WHAT YOU SHOULD DO:
Every line from the one containing "0 \<and> restrict_vec" through the end of the data is to be copied exactly, and nothing outside that range.

THE DATA:
section \<open>Transport of rate points\<close>

lemma region_restrict:
  assumes C: "\<forall>h\<in>C. h {} = 0 \<and> restrict_vec A e h \<in> C'"
  shows "proj_enc (mE A - {e}) ` region_of A (C \<inter> L5 A)
         \<subseteq> region_of (contract A e) (C' \<inter> L5 (contract A e))"
proof
  fix x assume "x \<in> proj_enc (mE A - {e}) ` region_of A (C \<inter> L5 A)"
  then obtain h R where hR: "(h, R) \<in> L4 A" "h \<in> C" "h \<in> L5 A"
    and x: "x = proj_enc (mE A - {e}) (Proj A (h, R))"
    unfolding region_of_def by auto
  let ?h = "restrict_vec A e h"
  define R' where "R' = (\<lambda>i. if i \<in> mE A - {e} then R i else 0)"
  have h0: "h {} = 0" using C hR by auto
  have "?h {U i} = h {U i}" if "i \<in> mE A - {e}" for i
    using that by (intro restrict_vec_eq h0) (auto simp: gset_def)
  hence L4: "(?h, R') \<in> L4 (contract A e)"
    using hR(1) restrict_vec_nonneg[of h A e] unfolding L4_def R'_def nonneg_def by auto
  have "?h {Y k} = h {Y k}" if "k \<in> {1..mK A}" for k
    using that by (intro restrict_vec_eq h0) (auto simp: gset_def)
  hence "Proj (contract A e) (?h, R') = x"
    unfolding x Proj_def proj_enc_def R'_def by auto
  moreover have "?h \<in> C' \<inter> L5 (contract A e)"
    using C hR restrict_vec_L5[OF hR(3) h0] by auto
  ultimately show "x \<in> region_of (contract A e) (C' \<inter> L5 (contract A e))"
    unfolding region_of_def using L4 by force
qed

ANSWER TO THIS EXERCISE:
  assumes C: "\<forall>h\<in>C. h {} = 0 \<and> restrict_vec A e h \<in> C'"
  shows "proj_enc (mE A - {e}) ` region_of A (C \<inter> L5 A)
         \<subseteq> region_of (contract A e) (C' \<inter> L5 (contract A e))"
proof
  fix x assume "x \<in> proj_enc (mE A - {e}) ` region_of A (C \<inter> L5 A)"
  then obtain h R where hR: "(h, R) \<in> L4 A" "h \<in> C" "h \<in> L5 A"
    and x: "x = proj_enc (mE A - {e}) (Proj A (h, R))"
    unfolding region_of_def by auto
  let ?h = "restrict_vec A e h"
  define R' where "R' = (\<lambda>i. if i \<in> mE A - {e} then R i else 0)"
  have h0: "h {} = 0" using C hR by auto
  have "?h {U i} = h {U i}" if "i \<in> mE A - {e}" for i
    using that by (intro restrict_vec_eq h0) (auto simp: gset_def)
  hence L4: "(?h, R') \<in> L4 (contract A e)"
    using hR(1) restrict_vec_nonneg[of h A e] unfolding L4_def R'_def nonneg_def by auto
  have "?h {Y k} = h {Y k}" if "k \<in> {1..mK A}" for k
    using that by (intro restrict_vec_eq h0) (auto simp: gset_def)
  hence "Proj (contract A e) (?h, R') = x"
    unfolding x Proj_def proj_enc_def R'_def by auto
  moreover have "?h \<in> C' \<inter> L5 (contract A e)"
    using C hR restrict_vec_L5[OF hR(3) h0] by auto
  ultimately show "x \<in> region_of (contract A e) (C' \<inter> L5 (contract A e))"
    unfolding region_of_def using L4 by force
qed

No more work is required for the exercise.